__What to work on__: Transcribe exactly the first line of the listing below and each line that follows it, ending with the line that contains "using ball[OF elim(2)]", and omit the remainder.

__Supplied data__:
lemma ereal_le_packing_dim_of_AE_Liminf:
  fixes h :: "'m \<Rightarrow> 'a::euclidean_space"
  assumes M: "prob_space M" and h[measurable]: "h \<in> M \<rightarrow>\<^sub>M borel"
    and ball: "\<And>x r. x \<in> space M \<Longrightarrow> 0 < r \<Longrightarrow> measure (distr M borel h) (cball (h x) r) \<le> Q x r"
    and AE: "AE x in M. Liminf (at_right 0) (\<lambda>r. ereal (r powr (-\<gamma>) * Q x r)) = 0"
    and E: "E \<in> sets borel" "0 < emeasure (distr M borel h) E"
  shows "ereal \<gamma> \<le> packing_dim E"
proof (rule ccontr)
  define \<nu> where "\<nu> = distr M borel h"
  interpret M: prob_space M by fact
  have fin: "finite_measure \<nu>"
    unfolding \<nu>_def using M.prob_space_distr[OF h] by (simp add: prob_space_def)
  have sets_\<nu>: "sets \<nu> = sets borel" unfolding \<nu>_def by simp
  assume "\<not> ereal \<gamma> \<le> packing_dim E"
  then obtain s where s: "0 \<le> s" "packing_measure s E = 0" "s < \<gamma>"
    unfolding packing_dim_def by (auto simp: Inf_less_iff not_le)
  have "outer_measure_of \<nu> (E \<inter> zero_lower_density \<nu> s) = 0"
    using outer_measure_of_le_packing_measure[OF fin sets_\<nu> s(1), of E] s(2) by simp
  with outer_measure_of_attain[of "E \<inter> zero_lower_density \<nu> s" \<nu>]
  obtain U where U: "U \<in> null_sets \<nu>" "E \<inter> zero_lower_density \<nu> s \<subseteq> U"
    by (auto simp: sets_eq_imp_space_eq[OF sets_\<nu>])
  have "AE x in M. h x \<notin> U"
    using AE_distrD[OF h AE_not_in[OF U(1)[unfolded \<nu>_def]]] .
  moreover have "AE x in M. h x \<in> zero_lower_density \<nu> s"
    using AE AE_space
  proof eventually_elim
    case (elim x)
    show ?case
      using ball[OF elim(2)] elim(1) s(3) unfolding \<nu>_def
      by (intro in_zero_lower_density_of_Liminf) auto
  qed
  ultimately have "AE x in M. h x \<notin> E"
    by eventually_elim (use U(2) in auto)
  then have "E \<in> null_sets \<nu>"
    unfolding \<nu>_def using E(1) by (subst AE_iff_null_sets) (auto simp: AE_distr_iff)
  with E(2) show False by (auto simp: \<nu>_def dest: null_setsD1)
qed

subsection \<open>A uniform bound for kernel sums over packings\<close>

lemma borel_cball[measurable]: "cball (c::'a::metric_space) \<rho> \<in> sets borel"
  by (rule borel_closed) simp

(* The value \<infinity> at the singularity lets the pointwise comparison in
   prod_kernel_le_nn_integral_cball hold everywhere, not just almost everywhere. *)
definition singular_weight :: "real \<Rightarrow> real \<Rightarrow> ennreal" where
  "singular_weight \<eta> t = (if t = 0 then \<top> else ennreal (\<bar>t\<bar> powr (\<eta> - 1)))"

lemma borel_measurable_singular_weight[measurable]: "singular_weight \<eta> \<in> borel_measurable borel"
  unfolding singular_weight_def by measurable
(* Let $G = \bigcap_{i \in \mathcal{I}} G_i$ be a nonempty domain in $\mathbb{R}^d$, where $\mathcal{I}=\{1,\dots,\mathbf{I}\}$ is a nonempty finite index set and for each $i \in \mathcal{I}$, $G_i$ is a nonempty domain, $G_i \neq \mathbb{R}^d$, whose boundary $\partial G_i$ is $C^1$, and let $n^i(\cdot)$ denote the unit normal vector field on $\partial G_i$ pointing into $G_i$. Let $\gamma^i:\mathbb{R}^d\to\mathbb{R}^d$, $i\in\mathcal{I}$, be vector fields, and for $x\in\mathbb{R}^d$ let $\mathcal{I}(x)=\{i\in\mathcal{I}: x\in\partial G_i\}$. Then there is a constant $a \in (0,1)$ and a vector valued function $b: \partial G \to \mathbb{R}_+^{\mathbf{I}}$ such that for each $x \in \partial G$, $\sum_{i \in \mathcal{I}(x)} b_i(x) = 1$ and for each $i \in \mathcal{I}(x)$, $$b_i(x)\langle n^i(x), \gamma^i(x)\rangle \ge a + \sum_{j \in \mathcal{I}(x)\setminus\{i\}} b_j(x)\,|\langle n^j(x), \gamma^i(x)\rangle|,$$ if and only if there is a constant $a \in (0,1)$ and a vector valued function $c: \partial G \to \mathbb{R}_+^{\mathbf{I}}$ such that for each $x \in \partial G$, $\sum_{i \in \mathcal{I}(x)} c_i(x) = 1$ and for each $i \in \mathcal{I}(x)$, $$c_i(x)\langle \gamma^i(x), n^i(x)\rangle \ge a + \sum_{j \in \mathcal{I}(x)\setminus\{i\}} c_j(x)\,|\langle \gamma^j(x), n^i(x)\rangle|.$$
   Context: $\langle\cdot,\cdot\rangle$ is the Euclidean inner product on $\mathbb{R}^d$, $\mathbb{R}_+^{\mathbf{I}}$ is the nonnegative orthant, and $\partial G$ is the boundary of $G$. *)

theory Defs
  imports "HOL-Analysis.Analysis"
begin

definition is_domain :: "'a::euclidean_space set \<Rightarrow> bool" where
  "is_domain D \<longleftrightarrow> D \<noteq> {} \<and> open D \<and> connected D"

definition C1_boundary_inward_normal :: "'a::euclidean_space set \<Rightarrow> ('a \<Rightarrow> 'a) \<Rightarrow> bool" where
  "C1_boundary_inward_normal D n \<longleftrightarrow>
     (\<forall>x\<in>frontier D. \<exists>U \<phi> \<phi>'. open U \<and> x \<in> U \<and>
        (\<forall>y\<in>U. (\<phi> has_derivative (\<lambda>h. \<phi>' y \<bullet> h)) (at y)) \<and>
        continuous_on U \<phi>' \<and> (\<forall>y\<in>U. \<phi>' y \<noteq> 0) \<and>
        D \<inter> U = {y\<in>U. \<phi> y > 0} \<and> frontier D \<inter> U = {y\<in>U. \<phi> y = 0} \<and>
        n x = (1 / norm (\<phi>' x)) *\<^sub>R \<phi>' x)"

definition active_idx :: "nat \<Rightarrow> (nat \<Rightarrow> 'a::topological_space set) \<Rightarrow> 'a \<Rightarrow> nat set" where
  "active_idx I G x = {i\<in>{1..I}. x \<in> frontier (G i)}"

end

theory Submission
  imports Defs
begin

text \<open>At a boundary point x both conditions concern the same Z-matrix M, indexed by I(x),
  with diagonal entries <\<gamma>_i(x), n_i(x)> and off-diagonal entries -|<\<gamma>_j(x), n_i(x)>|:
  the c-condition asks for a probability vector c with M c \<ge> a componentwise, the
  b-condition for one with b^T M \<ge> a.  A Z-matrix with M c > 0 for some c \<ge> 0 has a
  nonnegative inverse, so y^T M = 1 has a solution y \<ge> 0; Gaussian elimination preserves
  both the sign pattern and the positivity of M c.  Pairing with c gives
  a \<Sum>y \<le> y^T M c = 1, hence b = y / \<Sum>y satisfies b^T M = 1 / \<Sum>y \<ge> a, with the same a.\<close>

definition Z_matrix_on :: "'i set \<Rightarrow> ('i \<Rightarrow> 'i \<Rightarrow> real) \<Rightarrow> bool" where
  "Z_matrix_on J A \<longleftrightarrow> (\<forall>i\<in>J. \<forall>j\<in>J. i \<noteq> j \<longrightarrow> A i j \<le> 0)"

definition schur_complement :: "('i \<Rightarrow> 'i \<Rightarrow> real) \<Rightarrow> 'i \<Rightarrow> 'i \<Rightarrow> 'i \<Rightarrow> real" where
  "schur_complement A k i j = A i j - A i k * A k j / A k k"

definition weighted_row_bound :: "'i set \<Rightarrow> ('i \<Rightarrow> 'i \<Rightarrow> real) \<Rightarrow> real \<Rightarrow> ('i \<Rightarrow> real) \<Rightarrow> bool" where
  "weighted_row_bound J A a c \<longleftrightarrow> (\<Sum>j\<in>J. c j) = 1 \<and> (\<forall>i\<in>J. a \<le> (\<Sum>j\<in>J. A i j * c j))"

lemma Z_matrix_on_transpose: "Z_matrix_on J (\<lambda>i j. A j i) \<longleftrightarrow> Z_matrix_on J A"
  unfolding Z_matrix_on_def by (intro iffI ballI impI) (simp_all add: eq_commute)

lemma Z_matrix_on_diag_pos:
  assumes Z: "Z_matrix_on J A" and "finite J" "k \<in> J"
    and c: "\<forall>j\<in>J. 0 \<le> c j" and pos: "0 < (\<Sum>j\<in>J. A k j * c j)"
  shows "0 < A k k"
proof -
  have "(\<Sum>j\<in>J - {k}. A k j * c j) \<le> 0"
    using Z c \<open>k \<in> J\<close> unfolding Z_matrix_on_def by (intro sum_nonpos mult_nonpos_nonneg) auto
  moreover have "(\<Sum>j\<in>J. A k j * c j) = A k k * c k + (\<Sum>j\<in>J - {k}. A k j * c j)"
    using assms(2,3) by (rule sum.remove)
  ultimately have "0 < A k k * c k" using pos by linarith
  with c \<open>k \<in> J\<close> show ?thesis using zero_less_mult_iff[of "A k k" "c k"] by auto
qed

__Exercise result__:
lemma ereal_le_packing_dim_of_AE_Liminf:
  fixes h :: "'m \<Rightarrow> 'a::euclidean_space"
  assumes M: "prob_space M" and h[measurable]: "h \<in> M \<rightarrow>\<^sub>M borel"
    and ball: "\<And>x r. x \<in> space M \<Longrightarrow> 0 < r \<Longrightarrow> measure (distr M borel h) (cball (h x) r) \<le> Q x r"
    and AE: "AE x in M. Liminf (at_right 0) (\<lambda>r. ereal (r powr (-\<gamma>) * Q x r)) = 0"
    and E: "E \<in> sets borel" "0 < emeasure (distr M borel h) E"
  shows "ereal \<gamma> \<le> packing_dim E"
proof (rule ccontr)
  define \<nu> where "\<nu> = distr M borel h"
  interpret M: prob_space M by fact
  have fin: "finite_measure \<nu>"
    unfolding \<nu>_def using M.prob_space_distr[OF h] by (simp add: prob_space_def)
  have sets_\<nu>: "sets \<nu> = sets borel" unfolding \<nu>_def by simp
  assume "\<not> ereal \<gamma> \<le> packing_dim E"
  then obtain s where s: "0 \<le> s" "packing_measure s E = 0" "s < \<gamma>"
    unfolding packing_dim_def by (auto simp: Inf_less_iff not_le)
  have "outer_measure_of \<nu> (E \<inter> zero_lower_density \<nu> s) = 0"
    using outer_measure_of_le_packing_measure[OF fin sets_\<nu> s(1), of E] s(2) by simp
  with outer_measure_of_attain[of "E \<inter> zero_lower_density \<nu> s" \<nu>]
  obtain U where U: "U \<in> null_sets \<nu>" "E \<inter> zero_lower_density \<nu> s \<subseteq> U"
    by (auto simp: sets_eq_imp_space_eq[OF sets_\<nu>])
  have "AE x in M. h x \<notin> U"
    using AE_distrD[OF h AE_not_in[OF U(1)[unfolded \<nu>_def]]] .
  moreover have "AE x in M. h x \<in> zero_lower_density \<nu> s"
    using AE AE_space
  proof eventually_elim
    case (elim x)
    show ?case
      using ball[OF elim(2)] elim(1) s(3) unfolding \<nu>_def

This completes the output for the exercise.